MATERIAL PROVIDED.
= = = =
(* Let $(J,[\cdot,\cdot],\alpha,B)$ be a finite-dimensional multiplicative metric Hom-Jacobi-Jordan algebra. Then (1) the center $\mathfrak Z(J)$ is an ideal of $J$; (2) $\mathfrak Z(J)=[J,J]^{\perp}$, and consequently $\dim\mathfrak Z(J)+\dim[J,J]=\dim J$.
   Context: A Hom-Jacobi-Jordan algebra is $(J,[\cdot,\cdot],\alpha)$ with $[\cdot,\cdot]$ symmetric bilinear, $\alpha$ linear and $[\alpha(x),[y,z]]+[\alpha(y),[z,x]]+[\alpha(z),[x,y]]=0$ for all $x,y,z$; it is multiplicative if $\alpha([x,y])=[\alpha(x),\alpha(y)]$. A metric Hom-Jacobi-Jordan algebra is $(J,[\cdot,\cdot],\alpha,B)$ with $B$ a nondegenerate symmetric bilinear form such that $B(x,[y,z])=B([x,y],z)$ and $B(\alpha(x),y)=B(x,\alpha(y))$ for all $x,y,z$. An ideal is a subspace $I$ with $[I,J]\subset I$ and $\alpha(I)\subset I$. The center is $\mathfrak Z(J)=\{x\in J: [x,y]=0\ \forall y\in J\}$; $[J,J]$ is the span of all $[x,y]$; for a subspace $W$, $W^\perp=\{x: B(x,w)=0\ \forall w\in W\}$. *)

theory Defs
  imports Complex_Main
begin

definition bilinear_form_on ::
  "('k::field \<Rightarrow> 'v::ab_group_add \<Rightarrow> 'v) \<Rightarrow> ('v \<Rightarrow> 'v \<Rightarrow> 'k) \<Rightarrow> bool" where
  "bilinear_form_on scale B \<longleftrightarrow>
     (\<forall>x y z. B (x + y) z = B x z + B y z) \<and>
     (\<forall>x y z. B x (y + z) = B x y + B x z) \<and>
     (\<forall>c x y. B (scale c x) y = c * B x y) \<and>
     (\<forall>c x y. B x (scale c y) = c * B x y)"

definition bilinear_map_on ::
  "('k::field \<Rightarrow> 'v::ab_group_add \<Rightarrow> 'v) \<Rightarrow> ('v \<Rightarrow> 'v \<Rightarrow> 'v) \<Rightarrow> bool" where
  "bilinear_map_on scale br \<longleftrightarrow>
     (\<forall>x y z. br (x + y) z = br x z + br y z) \<and>
     (\<forall>x y z. br x (y + z) = br x y + br x z) \<and>
     (\<forall>c x y. br (scale c x) y = scale c (br x y)) \<and>
     (\<forall>c x y. br x (scale c y) = scale c (br x y))"

definition hom_jacobi_jordan ::
  "('k::field \<Rightarrow> 'v::ab_group_add \<Rightarrow> 'v) \<Rightarrow> ('v \<Rightarrow> 'v \<Rightarrow> 'v) \<Rightarrow> ('v \<Rightarrow> 'v) \<Rightarrow> bool" where
  "hom_jacobi_jordan scale br \<alpha> \<longleftrightarrow>
     Vector_Spaces.vector_space scale \<and>
     bilinear_map_on scale br \<and>
     (\<forall>x y. br x y = br y x) \<and>
     Vector_Spaces.linear scale scale \<alpha> \<and>
     (\<forall>x y z. br (\<alpha> x) (br y z) + br (\<alpha> y) (br z x) + br (\<alpha> z) (br x y) = 0)"

definition multiplicative :: "('v \<Rightarrow> 'v \<Rightarrow> 'v) \<Rightarrow> ('v \<Rightarrow> 'v) \<Rightarrow> bool" where
  "multiplicative br \<alpha> \<longleftrightarrow> (\<forall>x y. \<alpha> (br x y) = br (\<alpha> x) (\<alpha> y))"

definition metric_hom_jacobi_jordan ::
  "('k::field \<Rightarrow> 'v::ab_group_add \<Rightarrow> 'v) \<Rightarrow> ('v \<Rightarrow> 'v \<Rightarrow> 'v) \<Rightarrow> ('v \<Rightarrow> 'v)
     \<Rightarrow> ('v \<Rightarrow> 'v \<Rightarrow> 'k) \<Rightarrow> bool" where
  "metric_hom_jacobi_jordan scale br \<alpha> B \<longleftrightarrow>
     hom_jacobi_jordan scale br \<alpha> \<and>
     bilinear_form_on scale B \<and>
     (\<forall>x y. B x y = B y x) \<and>
     (\<forall>x. (\<forall>y. B x y = 0) \<longrightarrow> x = 0) \<and>
     (\<forall>x y z. B x (br y z) = B (br x y) z) \<and>
     (\<forall>x y. B (\<alpha> x) y = B x (\<alpha> y))"

definition finite_dimensional :: "('k::field \<Rightarrow> 'v::ab_group_add \<Rightarrow> 'v) \<Rightarrow> bool" where
  "finite_dimensional scale \<longleftrightarrow> (\<exists>S. finite S \<and> module.span scale S = UNIV)"

definition hjj_ideal ::
  "('k::field \<Rightarrow> 'v::ab_group_add \<Rightarrow> 'v) \<Rightarrow> ('v \<Rightarrow> 'v \<Rightarrow> 'v) \<Rightarrow> ('v \<Rightarrow> 'v) \<Rightarrow> 'v set \<Rightarrow> bool" where
  "hjj_ideal scale br \<alpha> I \<longleftrightarrow>
     module.subspace scale I \<and> (\<forall>x\<in>I. \<forall>y. br x y \<in> I) \<and> \<alpha> ` I \<subseteq> I"

definition center :: "('v::zero \<Rightarrow> 'v \<Rightarrow> 'v) \<Rightarrow> 'v set" where
  "center br = {x. \<forall>y. br x y = 0}"

definition derived ::
  "('k::field \<Rightarrow> 'v::ab_group_add \<Rightarrow> 'v) \<Rightarrow> ('v \<Rightarrow> 'v \<Rightarrow> 'v) \<Rightarrow> 'v set" where
  "derived scale br = module.span scale {br x y | x y. True}"

definition orth :: "('v \<Rightarrow> 'v \<Rightarrow> 'k::zero) \<Rightarrow> 'v set \<Rightarrow> 'v set" where
  "orth B W = {x. \<forall>w\<in>W. B x w = 0}"

end

theory Submission
  imports Defs
begin

text \<open>By invariance, \<open>B x [y,z] = B [x,y] z\<close>, so \<open>x\<close> is orthogonal to all brackets iff
  \<open>B [x,y] z = 0\<close> for all \<open>y, z\<close>, i.e. (by nondegeneracy) iff \<open>x\<close> is central; this gives
  \<open>\<Z>(J) = [J,J]\<^sup>\<bottom>\<close>. The dimension formula is then the general fact
  \<open>dim W\<^sup>\<bottom> + dim W = dim J\<close> for a nondegenerate form on a finite-dimensional space.
  Finally \<open>\<alpha>\<close> preserves the centre because \<open>B [\<alpha> x, y] z = B x [\<alpha> y, \<alpha> z]\<close> by invariance,
  self-adjointness and multiplicativity.\<close>

locale bilinear_form = vector_space scale
  for scale :: "'k::field \<Rightarrow> 'v::ab_group_add \<Rightarrow> 'v" (infixr \<open>*s\<close> 75) +
  fixes B :: "'v \<Rightarrow> 'v \<Rightarrow> 'k"
  assumes bilinear: "bilinear_form_on scale B"
begin

lemma B_add_left: "B (x + y) z = B x z + B y z"
  and B_add_right: "B x (y + z) = B x y + B x z"
  and B_scale_left: "B (c *s x) y = c * B x y"
  and B_scale_right: "B x (c *s y) = c * B x y"
  using bilinear unfolding bilinear_form_on_def by blast+

lemma B_zero_left [simp]: "B 0 y = 0"
  using B_scale_left[of 0 0 y] by simp

lemma B_zero_right [simp]: "B x 0 = 0"
  using B_scale_right[of x 0 0] by simp

lemma B_diff_left: "B (x - y) z = B x z - B y z"
  using B_add_left[of "x - y" y z] by simp

lemma subspace_orth: "subspace (orth B W)"
  unfolding subspace_def orth_def by (simp add: B_add_left B_scale_left)

lemma orth_span [simp]: "orth B (span W) = orth B W"
proof
  show "orth B (span W) \<subseteq> orth B W"
    using span_superset unfolding orth_def by blast
  show "orth B W \<subseteq> orth B (span W)"
  proof
    fix x assume "x \<in> orth B W"
    then have "span W \<subseteq> {w. B x w = 0}"
      by (intro span_minimal) (auto simp: orth_def subspace_def B_add_right B_scale_right)
    then show "x \<in> orth B (span W)"
      unfolding orth_def by blast
  qed
qed

end

locale nondegenerate_form = bilinear_form +
  assumes nondegenerate: "(\<And>y. B x y = 0) \<Longrightarrow> x = 0"
begin

lemma orth_UNIV: "orth B UNIV = {0}"
  using nondegenerate by (auto simp: orth_def)

end

locale nondegenerate_form_with_basis =
  nondegenerate_form scale B + finite_dimensional_vector_space scale Basis
  for scale :: "'k::field \<Rightarrow> 'v::ab_group_add \<Rightarrow> 'v" (infixr \<open>*s\<close> 75)
    and B :: "'v \<Rightarrow> 'v \<Rightarrow> 'k" and Basis :: "'v set"
begin

text \<open>The isomorphism \<open>x \<mapsto> B x \<cdot>\<close> of \<open>J\<close> with its dual, followed by the identification
  of the dual with \<open>J\<close> that sends the dual basis of \<open>Basis\<close> to \<open>Basis\<close>.\<close>
definition coord_map :: "'v \<Rightarrow> 'v" where
  "coord_map x = (\<Sum>v\<in>Basis. B x v *s v)"

lemma sum_scale_Basis_eq_iff:
  "(\<Sum>v\<in>Basis. c v *s v) = (\<Sum>v\<in>Basis. d v *s v) \<longleftrightarrow> (\<forall>v\<in>Basis. c v = d v)"
proof
  assume "(\<Sum>v\<in>Basis. c v *s v) = (\<Sum>v\<in>Basis. d v *s v)"
  then have "(\<Sum>v\<in>Basis. (c v - d v) *s v) = 0"
    by (simp add: scale_left_diff_distrib sum_subtractf)
  then show "\<forall>v\<in>Basis. c v = d v"
    using independent_Basis unfolding independent_explicit by auto
qed simp

lemma coord_map_eq_iff: "coord_map x = coord_map y \<longleftrightarrow> (\<forall>v\<in>Basis. B x v = B y v)"
  unfolding coord_map_def by (rule sum_scale_Basis_eq_iff)

lemma linear_coord_map: "Vector_Spaces.linear scale scale coord_map"
  unfolding Vector_Spaces.linear_iff
  by (simp add: vector_space_axioms coord_map_def B_add_left B_scale_left
      scale_left_distrib sum.distrib scale_sum_right)

lemma inj_coord_map: "inj coord_map"
proof (rule injI)
  fix x y assume "coord_map x = coord_map y"
  then have "x - y \<in> orth B Basis"
    by (simp add: coord_map_eq_iff orth_def B_diff_left)
  then have "x - y \<in> orth B (span Basis)"
    by (simp only: orth_span)
  then show "x = y"
    by (simp add: span_Basis orth_UNIV)
qed

lemma surj_coord_map: "surj coord_map"
  by (rule linear_inj_imp_surj[OF linear_coord_map inj_coord_map])

lemma coord_map_orth:
  assumes "Bw \<subseteq> Basis"
  shows "coord_map ` orth B Bw = span (Basis - Bw)"
proof
  show "coord_map ` orth B Bw \<subseteq> span (Basis - Bw)"
  proof clarify
    fix x assume "x \<in> orth B Bw"
    then have "coord_map x = (\<Sum>v\<in>Basis - Bw. B x v *s v)"
      unfolding coord_map_def orth_def
      by (intro sum.mono_neutral_right) (auto simp: finite_Basis)
    also have "\<dots> \<in> span (Basis - Bw)"
      by (intro span_sum span_scale span_base) simp
    finally show "coord_map x \<in> span (Basis - Bw)" .
  qed
  show "span (Basis - Bw) \<subseteq> coord_map ` orth B Bw"
  proof
    fix y assume "y \<in> span (Basis - Bw)"
    then obtain u where u: "y = (\<Sum>v\<in>Basis - Bw. u v *s v)"
      using span_finite[of "Basis - Bw"] finite_Basis by auto
    define c where "c v = (if v \<in> Bw then 0 else u v)" for v
    have y: "y = (\<Sum>v\<in>Basis. c v *s v)"
      unfolding u c_def by (intro sum.mono_neutral_cong_left) (auto simp: finite_Basis)
    obtain x where x: "y = coord_map x"
      using surj_coord_map by (metis surjD)
    then have "\<forall>v\<in>Basis. B x v = c v"
      using y by (simp add: coord_map_def sum_scale_Basis_eq_iff)
    then have "x \<in> orth B Bw"
      using assms by (auto simp: orth_def c_def)
    then show "y \<in> coord_map ` orth B Bw"
      using x by blast
  qed
qed

lemma dim_orth_subset_Basis:
  assumes "Bw \<subseteq> Basis"
  shows "dim (orth B Bw) = card Basis - card Bw"
proof -
  interpret finite_dimensional_vector_space_pair_1 scale Basis scale ..
  have "dim (orth B Bw) = dim (coord_map ` orth B Bw)"
    using dim_image_eq[OF linear_coord_map] inj_coord_map by (metis inj_on_subset subset_UNIV)
  also have "\<dots> = card (Basis - Bw)"
    using assms coord_map_orth independent_Basis
    by (metis Diff_subset dim_span_eq_card_independent independent_mono)
  also have "\<dots> = card Basis - card Bw"
    using assms finite_Basis by (meson card_Diff_subset finite_subset)
  finally show ?thesis .
qed

end

context nondegenerate_form
begin

lemma dim_orth_add_dim:
  assumes "finite_dimensional scale"
  shows "dim (orth B W) + dim W = dim UNIV"
proof -
  obtain Bw where Bw: "Bw \<subseteq> W" "independent Bw" "W \<subseteq> span Bw" "card Bw = dim W"
    using basis_exists[of W] by blast
  obtain Basis where Basis: "Bw \<subseteq> Basis" "independent Basis" "UNIV \<subseteq> span Basis"
    by (rule maximal_independent_subset_extend[OF subset_UNIV Bw(2)])
  obtain S where "finite S" "span S = UNIV"
    using assms unfolding finite_dimensional_def by blast
  then have "finite Basis"
    using independent_span_bound[OF _ Basis(2)] by simp
  moreover have "span Basis = UNIV"
    using Basis(3) by blast
  ultimately interpret nondegenerate_form_with_basis scale B Basis
    using Basis(2) by unfold_locales
  have "span W = span Bw"
    using Bw(1,3) span_superset unfolding span_eq by blast
  then have "orth B W = orth B Bw"
    by (metis orth_span)
  then have "dim (orth B W) = card Basis - card Bw"
    using dim_orth_subset_Basis[OF Basis(1)] by simp
  moreover have "card Bw \<le> card Basis"
    using Basis(1) finite_Basis by (rule card_mono[rotated])
  ultimately show ?thesis
    using Bw(4) by simp
qed

end

lemma metric_hjj_nondegenerate_form:
  assumes "metric_hom_jacobi_jordan scale br \<alpha> B"
  shows "nondegenerate_form scale B"
  using assms
  unfolding metric_hom_jacobi_jordan_def hom_jacobi_jordan_def
    nondegenerate_form_def nondegenerate_form_axioms_def bilinear_form_def bilinear_form_axioms_def
  by blast

lemma center_eq_orth_derived:
  assumes metric: "metric_hom_jacobi_jordan scale br \<alpha> B"
  shows "center br = orth B (derived scale br)"
proof -
  interpret nondegenerate_form scale B
    using metric by (rule metric_hjj_nondegenerate_form)
  have invariant: "B x (br y z) = B (br x y) z" for x y z
    using metric unfolding metric_hom_jacobi_jordan_def by blast
  have "x \<in> orth B {br y z | y z. True} \<longleftrightarrow> x \<in> center br" for x
  proof -
    have "x \<in> orth B {br y z | y z. True} \<longleftrightarrow> (\<forall>y z. B (br x y) z = 0)"
      unfolding orth_def invariant[symmetric] by blast
    also have "\<dots> \<longleftrightarrow> (\<forall>y. br x y = 0)"
      using nondegenerate B_zero_left by metis
    finally show ?thesis
      by (simp add: center_def)
  qed
  then show ?thesis
    unfolding derived_def orth_span by blast
qed

lemma twist_image_center_subset:
  assumes metric: "metric_hom_jacobi_jordan scale br \<alpha> B"
    and mult: "multiplicative br \<alpha>"
  shows "\<alpha> ` center br \<subseteq> center br"
proof clarify
  interpret nondegenerate_form scale B
    using metric by (rule metric_hjj_nondegenerate_form)
  have invariant: "B x (br y z) = B (br x y) z"
    and self_adjoint: "B (\<alpha> x) y = B x (\<alpha> y)" for x y z
    using metric unfolding metric_hom_jacobi_jordan_def by blast+
  fix x assume x: "x \<in> center br"
  have "B (br (\<alpha> x) y) z = 0" for y z
  proof -
    have "B (br (\<alpha> x) y) z = B x (\<alpha> (br y z))"
      by (simp add: self_adjoint flip: invariant)
    also have "\<dots> = B (br x (\<alpha> y)) (\<alpha> z)"
      using mult by (simp add: multiplicative_def invariant)
    also have "\<dots> = 0"
      using x by (simp add: center_def)
    finally show ?thesis .
  qed
  then show "\<alpha> x \<in> center br"
    using nondegenerate by (simp add: center_def)
qed

lemma hjj_ideal_center:
  assumes metric: "metric_hom_jacobi_jordan scale br \<alpha> B"
    and mult: "multiplicative br \<alpha>"
  shows "hjj_ideal scale br \<alpha> (center br)"
proof -
  interpret nondegenerate_form scale B
    using metric by (rule metric_hjj_nondegenerate_form)
  have "subspace (center br)"
    using center_eq_orth_derived[OF metric] subspace_orth by simp
  moreover have "br x y \<in> center br" if "x \<in> center br" for x y
    using that subspace_0[OF \<open>subspace (center br)\<close>] by (simp add: center_def)
  ultimately show ?thesis
    unfolding hjj_ideal_def using twist_image_center_subset[OF metric mult] by blast
qed

theorem proposition6p3:
  fixes scale :: "'k::field \<Rightarrow> 'v::ab_group_add \<Rightarrow> 'v"
    and br :: "'v \<Rightarrow> 'v \<Rightarrow> 'v" and \<alpha> :: "'v \<Rightarrow> 'v" and B :: "'v \<Rightarrow> 'v \<Rightarrow> 'k"
  assumes "metric_hom_jacobi_jordan scale br \<alpha> B"
    and "multiplicative br \<alpha>"
    and "finite_dimensional scale"
  shows "hjj_ideal scale br \<alpha> (center br)
         \<and> center br = orth B (derived scale br)
         \<and> vector_space.dim scale (center br) + vector_space.dim scale (derived scale br)
           = vector_space.dim scale (UNIV :: 'v set)"
proof -
  interpret nondegenerate_form scale B
    using assms(1) by (rule metric_hjj_nondegenerate_form)
  have center: "center br = orth B (derived scale br)"
    using assms(1) by (rule center_eq_orth_derived)
  show ?thesis
    using hjj_ideal_center[OF assms(1,2)] center dim_orth_add_dim[OF assms(3)] by simp
qed

end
= = = =
Would you please copy, word for word, everything above from the line containing "imports Complex_Main" down to the line containing "(\<forall>x y z. B x (br", those two lines included?

  imports Complex_Main
begin

definition bilinear_form_on ::
  "('k::field \<Rightarrow> 'v::ab_group_add \<Rightarrow> 'v) \<Rightarrow> ('v \<Rightarrow> 'v \<Rightarrow> 'k) \<Rightarrow> bool" where
  "bilinear_form_on scale B \<longleftrightarrow>
     (\<forall>x y z. B (x + y) z = B x z + B y z) \<and>
     (\<forall>x y z. B x (y + z) = B x y + B x z) \<and>
     (\<forall>c x y. B (scale c x) y = c * B x y) \<and>
     (\<forall>c x y. B x (scale c y) = c * B x y)"

definition bilinear_map_on ::
  "('k::field \<Rightarrow> 'v::ab_group_add \<Rightarrow> 'v) \<Rightarrow> ('v \<Rightarrow> 'v \<Rightarrow> 'v) \<Rightarrow> bool" where
  "bilinear_map_on scale br \<longleftrightarrow>
     (\<forall>x y z. br (x + y) z = br x z + br y z) \<and>
     (\<forall>x y z. br x (y + z) = br x y + br x z) \<and>
     (\<forall>c x y. br (scale c x) y = scale c (br x y)) \<and>
     (\<forall>c x y. br x (scale c y) = scale c (br x y))"

definition hom_jacobi_jordan ::
  "('k::field \<Rightarrow> 'v::ab_group_add \<Rightarrow> 'v) \<Rightarrow> ('v \<Rightarrow> 'v \<Rightarrow> 'v) \<Rightarrow> ('v \<Rightarrow> 'v) \<Rightarrow> bool" where
  "hom_jacobi_jordan scale br \<alpha> \<longleftrightarrow>
     Vector_Spaces.vector_space scale \<and>
     bilinear_map_on scale br \<and>
     (\<forall>x y. br x y = br y x) \<and>
     Vector_Spaces.linear scale scale \<alpha> \<and>
     (\<forall>x y z. br (\<alpha> x) (br y z) + br (\<alpha> y) (br z x) + br (\<alpha> z) (br x y) = 0)"

definition multiplicative :: "('v \<Rightarrow> 'v \<Rightarrow> 'v) \<Rightarrow> ('v \<Rightarrow> 'v) \<Rightarrow> bool" where
  "multiplicative br \<alpha> \<longleftrightarrow> (\<forall>x y. \<alpha> (br x y) = br (\<alpha> x) (\<alpha> y))"

definition metric_hom_jacobi_jordan ::
  "('k::field \<Rightarrow> 'v::ab_group_add \<Rightarrow> 'v) \<Rightarrow> ('v \<Rightarrow> 'v \<Rightarrow> 'v) \<Rightarrow> ('v \<Rightarrow> 'v)
     \<Rightarrow> ('v \<Rightarrow> 'v \<Rightarrow> 'k) \<Rightarrow> bool" where
  "metric_hom_jacobi_jordan scale br \<alpha> B \<longleftrightarrow>
     hom_jacobi_jordan scale br \<alpha> \<and>
     bilinear_form_on scale B \<and>
     (\<forall>x y. B x y = B y x) \<and>
     (\<forall>x. (\<forall>y. B x y = 0) \<longrightarrow> x = 0) \<and>
     (\<forall>x y z. B x (br y z) = B (br x y) z) \<and>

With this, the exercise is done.